Need urgent help. Someone please clarify the doubt?

---------- Forwarded message ----------
From: Aakash Basu <aakash.spark.raj@gmail.com>
Date: Thu, Apr 5, 2018 at 2:50 PM
Subject: Spark Structured Streaming Inner Queries fails
To: user <user@spark.apache.org>


Hi,

Why are inner queries not allowed in Spark Streaming?
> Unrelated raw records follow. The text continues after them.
(* Let $c<-14$ and let $u\in\mathbb{R}^3$ with $\kappa(u)=c$. Then there exists $\gamma\in\Gamma$ such that $u'=\gamma u=(x',y',z')$ satisfies at least one of: (M) $u'\in\Omega_0^M$; (E) $-2\le \bar z(u')\le 2$, i.e. $-2\le -x'y'-z'\le 2$; ($\Sigma$) $x'=0$ or $y'=0$.
   Context: $\kappa(x,y,z)=-x^2-y^2+z^2+xyz-2$ on $\mathbb{R}^3$; for $u=(x,y,z)$ set $\bar z(u)=-xy-z$. $Q_x(x,y,z)=(yz-x,y,z)$, $Q_y(x,y,z)=(x,xz-y,z)$, $Q_z(x,y,z)=(x,y,-xy-z)$. $\Gamma$ is the group generated by $Q_x,Q_y,Q_z$, the sign changes $(x,y,z)\mapsto(-x,y,-z)$, $(x,-y,-z)$, $(-x,-y,z)$ and the transposition $(x,y,z)\mapsto(y,x,z)$; all preserve $\kappa$. $\Omega_0^M=\{(x,y,z): z<-2,\ xy+z>2\}$. *)

theory Defs
  imports Complex_Main
begin

type_synonym point = "real \<times> real \<times> real"

definition kappa :: "point \<Rightarrow> real" where
  "kappa u = (case u of (x, y, z) \<Rightarrow> z^2 - x^2 - y^2 + x*y*z - 2)"

definition zbar :: "point \<Rightarrow> real" where
  "zbar u = (case u of (x, y, z) \<Rightarrow> - x*y - z)"

definition Qx :: "point \<Rightarrow> point" where
  "Qx u = (case u of (x, y, z) \<Rightarrow> (y*z - x, y, z))"

definition Qy :: "point \<Rightarrow> point" where
  "Qy u = (case u of (x, y, z) \<Rightarrow> (x, x*z - y, z))"

definition Qz :: "point \<Rightarrow> point" where
  "Qz u = (case u of (x, y, z) \<Rightarrow> (x, y, - x*y - z))"

definition S1 :: "point \<Rightarrow> point" where
  "S1 u = (case u of (x, y, z) \<Rightarrow> (-x, y, -z))"

definition S2 :: "point \<Rightarrow> point" where
  "S2 u = (case u of (x, y, z) \<Rightarrow> (x, -y, -z))"

definition S3 :: "point \<Rightarrow> point" where
  "S3 u = (case u of (x, y, z) \<Rightarrow> (-x, -y, z))"

definition Tr :: "point \<Rightarrow> point" where
  "Tr u = (case u of (x, y, z) \<Rightarrow> (y, x, z))"

definition generators :: "(point \<Rightarrow> point) set" where
  "generators = {Qx, Qy, Qz, S1, S2, S3, Tr}"

inductive_set Gamma :: "(point \<Rightarrow> point) set" where
  Gamma_id: "id \<in> Gamma"
| Gamma_gen: "g \<in> generators \<Longrightarrow> g \<in> Gamma"
| Gamma_comp: "f \<in> Gamma \<Longrightarrow> g \<in> Gamma \<Longrightarrow> f \<circ> g \<in> Gamma"
| Gamma_inv: "f \<in> Gamma \<Longrightarrow> inv f \<in> Gamma"

definition Omega0M :: "point set" where
  "Omega0M = {(x, y, z). z < -2 \<and> x*y + z > 2}"

end

theory Submission
  imports Defs
begin

text \<open>After sign changes we may assume \<open>x, y \<ge> 0\<close>, and after possibly applying \<open>Qz\<close> either
  the point is already good or \<open>z > 2\<close>. For \<open>0 < y \<le> x\<close> and \<open>z > 2\<close> the Vieta move \<open>Qx\<close>
  replaces \<open>x\<close> by \<open>yz - x\<close>; the hypothesis \<open>c = \<kappa>(u) < -14\<close> forces \<open>x (2x - yz) \<ge> 2 - c\<close> and
  \<open>x - y > 4\<close>, so \<open>x\<^sup>2\<close> drops by at least \<open>2y(2 - c)/x\<close>. With \<open>y\<close> fixed this bound is
  uniform, so finitely many moves bring \<open>|x|\<close> down to \<open>|y|\<close>; the gap \<open>x - y > 4\<close> then shows
  that \<open>max |x| |y|\<close> has dropped by more than 4, and induction on that maximum finishes.\<close>

lemma uniform_descent_induct:
  fixes f :: "'a \<Rightarrow> real"
  assumes "d > 0" and nonneg: "\<And>a. f a \<ge> 0"
    and step: "\<And>a. (\<And>b. f b \<le> f a - d \<Longrightarrow> P b) \<Longrightarrow> P a"
  shows "P a"
proof (induction a rule: measure_induct_rule[where f = "\<lambda>a. nat \<lceil>f a / d\<rceil>"])
  case (less a)
  show ?case
  proof (rule step)
    fix b assume "f b \<le> f a - d"
    then have "f b / d \<le> f a / d - 1" using \<open>d > 0\<close> by (simp add: field_simps)
    moreover have "0 \<le> f b / d" using nonneg[of b] \<open>d > 0\<close> by simp
    ultimately have "nat \<lceil>f b / d\<rceil> < nat \<lceil>f a / d\<rceil>" by linarith
    then show "P b" by (rule less)
  qed
qed

lemma generators_in_Gamma:
  "Qx \<in> Gamma" "Qy \<in> Gamma" "Qz \<in> Gamma" "S1 \<in> Gamma" "S2 \<in> Gamma" "S3 \<in> Gamma" "Tr \<in> Gamma"
  by (auto intro: Gamma_gen simp: generators_def)

lemma generator_involution: "g \<in> generators \<Longrightarrow> g \<circ> g = id"
  by (auto simp: generators_def fun_eq_iff Qx_def Qy_def Qz_def S1_def S2_def S3_def Tr_def
      split: prod.splits)

lemma bij_Gamma: "g \<in> Gamma \<Longrightarrow> bij g"
proof (induction g rule: Gamma.induct)
  case (Gamma_gen g)
  then show ?case using generator_involution o_bij by metis
qed (blast intro: bij_id bij_comp bij_imp_bij_inv)+

lemma kappa_generator: "g \<in> generators \<Longrightarrow> kappa (g u) = kappa u"
  by (cases u) (auto simp: generators_def kappa_def Qx_def Qy_def Qz_def S1_def S2_def S3_def Tr_def
      algebra_simps power2_eq_square)

lemma kappa_Gamma: "g \<in> Gamma \<Longrightarrow> kappa (g u) = kappa u"
proof (induction g arbitrary: u rule: Gamma.induct)
  case (Gamma_inv f)
  have "kappa (inv f u) = kappa (f (inv f u))" using Gamma_inv.IH by simp
  also have "f (inv f u) = u" using bij_Gamma[OF Gamma_inv.hyps] by (simp add: bij_is_surj surj_f_inv_f)
  finally show ?case .
qed (simp_all add: kappa_generator)

definition good :: "point \<Rightarrow> bool" where
  "good u = (case u of (x, y, z) \<Rightarrow>
     u \<in> Omega0M \<or> (-2 \<le> zbar u \<and> zbar u \<le> 2) \<or> x = 0 \<or> y = 0)"

definition reducible :: "point \<Rightarrow> bool" where
  "reducible u = (\<exists>\<gamma>\<in>Gamma. good (\<gamma> u))"

lemma reducible_if_good: "good u \<Longrightarrow> reducible u"
  unfolding reducible_def using Gamma_id by (metis id_apply)

lemma reducible_if_reducible_image: "g \<in> Gamma \<Longrightarrow> reducible (g u) \<Longrightarrow> reducible u"
  unfolding reducible_def by (metis Gamma_comp comp_apply)

lemma abs_signs_in_Gamma: "\<exists>g\<in>Gamma. \<exists>z'. g (x, y, z) = (\<bar>x\<bar>, \<bar>y\<bar>, z')"
proof -
  consider "x \<ge> 0" "y \<ge> 0" | "x < 0" "y < 0" | "x < 0" "y \<ge> 0" | "x \<ge> 0" "y < 0"
    by linarith
  then show ?thesis
  proof cases
    case 1 then show ?thesis using Gamma_id by (intro bexI[of _ id]) auto
  next
    case 2 then show ?thesis using generators_in_Gamma by (intro bexI[of _ S3]) (auto simp: S3_def)
  next
    case 3 then show ?thesis using generators_in_Gamma by (intro bexI[of _ S1]) (auto simp: S1_def)
  next
    case 4 then show ?thesis using generators_in_Gamma by (intro bexI[of _ S2]) (auto simp: S2_def)
  qed
qed

lemma reducible_or_positive_normal_form:
  "reducible (x, y, z) \<or> (\<exists>g\<in>Gamma. \<exists>z'. g (x, y, z) = (\<bar>x\<bar>, \<bar>y\<bar>, z') \<and> z' > 2)"
proof -
  obtain g z' where g: "g \<in> Gamma" "g (x, y, z) = (\<bar>x\<bar>, \<bar>y\<bar>, z')"
    using abs_signs_in_Gamma by blast
  define w where "w = - \<bar>x\<bar> * \<bar>y\<bar> - z'"
  have Qz_g: "Qz \<circ> g \<in> Gamma" "(Qz \<circ> g) (x, y, z) = (\<bar>x\<bar>, \<bar>y\<bar>, w)"
    using g generators_in_Gamma by (auto intro: Gamma_comp simp: Qz_def w_def)
  consider "z' > 2" | "\<bar>z'\<bar> \<le> 2" | "z' < -2" "w > 2" | "z' < -2" "w \<le> 2"
    by linarith
  then show ?thesis
  proof cases
    case 1 then show ?thesis using g by blast
  next
    case 2
    then have "good (\<bar>x\<bar>, \<bar>y\<bar>, w)" by (auto simp: good_def zbar_def w_def)
    then show ?thesis using Qz_g reducible_def by metis
  next
    case 3 then show ?thesis using Qz_g by blast
  next
    case 4
    \<comment> \<open>if \<open>w < -2\<close> then \<open>|x| |y| + z' = -w > 2\<close>, so the point lies in \<open>Omega0M\<close>\<close>
    then have "good (\<bar>x\<bar>, \<bar>y\<bar>, z')" by (auto simp: good_def zbar_def Omega0M_def w_def)
    then show ?thesis using g reducible_def by metis
  qed
qed

lemma kappa_Qx_bounds:
  fixes x y z c :: real
  assumes c: "c < -14" and k: "kappa (x, y, z) = c" and "0 < y" "y \<le> x" "2 < z"
  shows "\<bar>y*z - x\<bar> < x" "2*y*(2 - c)/x \<le> x^2 - (y*z - x)^2" "y + 4 < x"
proof -
  have x: "x > 0" using assms by linarith
  have z2: "4 < z^2" using power_strict_mono[of 2 z 2] \<open>2 < z\<close> by simp
  have "y^2 \<le> x^2" using assms by (simp add: power_mono)
  then have "2 - c \<le> x * (2*x - y*z)"
    using k z2 by (simp add: kappa_def algebra_simps power2_eq_square)
  then have lb: "(2 - c)/x \<le> 2*x - y*z" using x by (simp add: field_simps)
  have yz: "2*y \<le> y*z" "0 < y*z" using assms by simp_all
  have "0 < (2 - c)/x" using x c by simp
  then show "\<bar>y*z - x\<bar> < x" using lb yz by linarith
  have "2*y*(2 - c)/x = (2*y) * ((2 - c)/x)" by simp
  also have "\<dots> \<le> (y*z) * (2*x - y*z)"
    using mult_mono[OF yz(1) lb] yz(2) \<open>0 < (2 - c)/x\<close> by simp
  also have "\<dots> = x^2 - (y*z - x)^2" by (simp add: algebra_simps power2_eq_square)
  finally show "2*y*(2 - c)/x \<le> x^2 - (y*z - x)^2" .
  have "2*x*y < x*y*z" using x assms by simp
  then have "16 < (x - y)^2"
    using k c z2 by (simp add: kappa_def algebra_simps power2_eq_square)
  then have "4 < x - y" using \<open>y \<le> x\<close> power_less_imp_less_base[of 4 2 "x - y"] by simp
  then show "y + 4 < x" by simp
qed

lemma reducible_or_Qx_descent:
  assumes c: "c < -14" and k: "kappa (x, y, z) = c" and "y \<noteq> 0" and yx: "\<bar>y\<bar> \<le> \<bar>x\<bar>"
  shows "reducible (x, y, z) \<or> \<bar>y\<bar> + 4 < \<bar>x\<bar> \<and>
    (\<exists>g\<in>Gamma. \<exists>x' z'. g (x, y, z) = (x', \<bar>y\<bar>, z') \<and> \<bar>x'\<bar> < \<bar>x\<bar>
       \<and> 2*\<bar>y\<bar>*(2 - c)/\<bar>x\<bar> \<le> x^2 - x'^2)"
  using reducible_or_positive_normal_form[of x y z]
proof
  assume "\<exists>g\<in>Gamma. \<exists>z'. g (x, y, z) = (\<bar>x\<bar>, \<bar>y\<bar>, z') \<and> z' > 2"
  then obtain g z' where g: "g \<in> Gamma" "g (x, y, z) = (\<bar>x\<bar>, \<bar>y\<bar>, z')" "z' > 2" by blast
  have "kappa (\<bar>x\<bar>, \<bar>y\<bar>, z') = c" using kappa_Gamma[OF g(1), of "(x, y, z)"] g(2) k by simp
  note bounds = kappa_Qx_bounds[OF c this _ yx g(3)]
  have "Qx \<circ> g \<in> Gamma" "(Qx \<circ> g) (x, y, z) = (\<bar>y\<bar>*z' - \<bar>x\<bar>, \<bar>y\<bar>, z')"
    using g generators_in_Gamma by (auto intro: Gamma_comp simp: Qx_def)
  moreover have "\<bar>x\<bar>^2 = x^2" by simp
  ultimately show ?thesis using bounds \<open>y \<noteq> 0\<close>
    by (intro disjI2 conjI bexI[of _ "Qx \<circ> g"] exI) simp_all
qed simp

lemma reducible_if_second_coordinate_fixed:
  assumes c: "c < -14" and "0 < b" "0 < X"
    and small: "\<And>x y z. kappa (x, y, z) = c \<Longrightarrow> \<bar>x\<bar> \<le> b \<Longrightarrow> \<bar>y\<bar> \<le> b \<Longrightarrow> reducible (x, y, z)"
    and "kappa u = c" "\<bar>fst (snd u)\<bar> = b" "\<bar>fst u\<bar> \<le> X"
  shows "reducible u"
proof -
  have d: "0 < 2*b*(2 - c)/X" using assms by simp
  from assms(5-7) show ?thesis
  proof (induction u rule: uniform_descent_induct[where f = "\<lambda>u. (fst u)^2", OF d zero_le_power2,
        case_names step])
    case (step u)
    obtain x y z where u: "u = (x, y, z)" by (cases u)
    have k: "kappa (x, y, z) = c" and y: "\<bar>y\<bar> = b" and x: "\<bar>x\<bar> \<le> X"
      using step.prems u by simp_all
    show ?case
    proof (cases "\<bar>x\<bar> \<le> b")
      case True
      then show ?thesis using small[OF k] y u by simp
    next
      case False
      then have "y \<noteq> 0" "\<bar>y\<bar> \<le> \<bar>x\<bar>" using \<open>0 < b\<close> y by auto
      from reducible_or_Qx_descent[OF c k this] show ?thesis
      proof (elim disjE conjE bexE exE)
        fix g x' z'
        assume g: "g \<in> Gamma" "g (x, y, z) = (x', \<bar>y\<bar>, z')" "\<bar>x'\<bar> < \<bar>x\<bar>"
          "2*\<bar>y\<bar>*(2 - c)/\<bar>x\<bar> \<le> x^2 - x'^2"
        have "2*b*(2 - c)/X \<le> 2*b*(2 - c)/\<bar>x\<bar>"
          using x c \<open>0 < b\<close> False by (intro divide_left_mono) simp_all
        then have "x'^2 \<le> x^2 - 2*b*(2 - c)/X" using g(4) y by simp
        moreover have "kappa (x', \<bar>y\<bar>, z') = c" using kappa_Gamma[OF g(1), of "(x, y, z)"] g(2) k by simp
        moreover have "\<bar>x'\<bar> \<le> X" using g(3) x by simp
        ultimately have "reducible (g (x, y, z))"
          using step.IH[of "(x', \<bar>y\<bar>, z')"] g(2) y u by simp
        then show ?thesis using reducible_if_reducible_image g(1) u by blast
      qed (simp add: u)
    qed
  qed
qed

lemma reducible_if_second_le_first:
  assumes c: "c < -14" and k: "kappa (x, y, z) = c" and yx: "\<bar>y\<bar> \<le> \<bar>x\<bar>"
    and smaller: "\<And>x' y' z'. kappa (x', y', z') = c \<Longrightarrow> max \<bar>x'\<bar> \<bar>y'\<bar> \<le> \<bar>x\<bar> - 4 \<Longrightarrow>
      reducible (x', y', z')"
  shows "reducible (x, y, z)"
proof (cases "y = 0")
  case True
  then show ?thesis by (intro reducible_if_good) (simp add: good_def zbar_def)
next
  case False
  from reducible_or_Qx_descent[OF c k False yx] show ?thesis
  proof (elim disjE conjE)
    assume gap: "\<bar>y\<bar> + 4 < \<bar>x\<bar>"
    have "\<And>x' y' z'. kappa (x', y', z') = c \<Longrightarrow> \<bar>x'\<bar> \<le> \<bar>y\<bar> \<Longrightarrow> \<bar>y'\<bar> \<le> \<bar>y\<bar> \<Longrightarrow>
      reducible (x', y', z')"
      using smaller gap by force
    from reducible_if_second_coordinate_fixed[where u = "(x, y, z)" and b = "\<bar>y\<bar>" and X = "\<bar>x\<bar>", OF c _ _ this]
    show ?thesis using False gap k by simp
  qed
qed

lemma reducible_if_kappa_less_neg14:
  assumes c: "c < -14" and "kappa u = c"
  shows "reducible u"
  using \<open>kappa u = c\<close>
proof (induction u rule: uniform_descent_induct[where f = "\<lambda>(x, y, z). max \<bar>x\<bar> \<bar>y\<bar>" and d = 4,
      case_names pos nonneg step])
  case (step u)
  obtain x y z where u: "u = (x, y, z)" by (cases u)
  have smaller: "\<And>x' y' z'. kappa (x', y', z') = c \<Longrightarrow> max \<bar>x'\<bar> \<bar>y'\<bar> \<le> max \<bar>x\<bar> \<bar>y\<bar> - 4 \<Longrightarrow>
      reducible (x', y', z')"
    using step.IH u by force
  show ?case
  proof (cases "\<bar>y\<bar> \<le> \<bar>x\<bar>")
    case True
    then show ?thesis using reducible_if_second_le_first[OF c _ True] smaller step.prems u
      by (simp add: max_def)
  next
    case False
    have "kappa (y, x, z) = c" using kappa_generator[of Tr u] step.prems u
      by (simp add: generators_def Tr_def)
    then have "reducible (Tr (x, y, z))"
      using reducible_if_second_le_first[OF c] smaller False by (simp add: Tr_def max_def)
    then show ?thesis using reducible_if_reducible_image generators_in_Gamma(7) u by blast
  qed
qed auto

theorem mainTheorem4:
  fixes c :: real and u :: point
  assumes "c < -14" and "kappa u = c"
  shows "\<exists>\<gamma>\<in>Gamma. \<exists>x' y' z'. \<gamma> u = (x', y', z') \<and>
           ((x', y', z') \<in> Omega0M
            \<or> (-2 \<le> - x'*y' - z' \<and> - x'*y' - z' \<le> 2)
            \<or> x' = 0 \<or> y' = 0)"
proof -
  obtain \<gamma> where "\<gamma> \<in> Gamma" "good (\<gamma> u)"
    using reducible_if_kappa_less_neg14[OF assms] reducible_def by blast
  then show ?thesis by (cases "\<gamma> u") (auto simp: good_def zbar_def)
qed

end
Spark assumes the inner query to be a separate stream altogether and expects it to be triggered with a separate writeStream.start().

Why so?

Error: pyspark.sql.utils.StreamingQueryException: 'Queries with streaming sources must be executed with writeStream.start();;\ntextSocket\n=== Streaming Query ===\nIdentifier: [id = f77611ee-ce1c-4b16-8812-0f1afe05562c, runId = 0bb4d880-1a4d-4a6c-8fe0-2b4977ab52d0]\nCurrent Committed Offsets: {}\nCurrent Available Offsets: {TextSocketSource[host: localhost, port: 9998]: 5}\n\nCurrent State: ACTIVE\nThread State: RUNNABLE\n\nLogical Plan:\nProject [col1#3, col2#4, (cast(col2#4 as double) / scalar-subquery#8 []) AS col3#9]\n:  +- Aggregate [avg(cast(col1#3 as double)) AS aver#7]\n:     +- SubqueryAlias ds\n:        +- Project [split(value#1, ,)[0] AS col1#3, split(value#1, ,)[1] AS col2#4]\n:           +- StreamingRelation DataSource(org.apache.spark.sql.SparkSession@3ac605bf,socket,List(),None,List(),None,Map(header -> true, host -> localhost, path -> csv, port -> 9998),None), textSocket, [value#1]\n+- SubqueryAlias ds\n   +- Project [split(value#1, ,)[0] AS col1#3, split(value#1, ,)[1] AS col2#4]\n      +- StreamingExecutionRelation TextSocketSource[host: localhost, port: 9998], [value#1]\n'

from pyspark.sql import SparkSession
from pyspark.sql.functions import explode, split

spark = SparkSession \
.builder \
.appName("StructuredRunningAvg") \
.getOrCreate()

data = spark \
.readStream \
.format("socket") \
.option("header","true") \
.option("host", "localhost") \
.option("port", 9998) \
.load("csv")

id = data.select(split(data.value, ",").getItem(0).alias("col1"), split(data.value, ",").getItem(1).alias("col2"))


id.createOrReplaceTempView("ds")

final_DF = spark.sql("Select col1, col2, col2/(select avg(col1) as aver from ds) col3 from ds")
query = final_DF \
.writeStream \
.format("console") \
.start()

query.awaitTermination()


Thanks,
Aakash.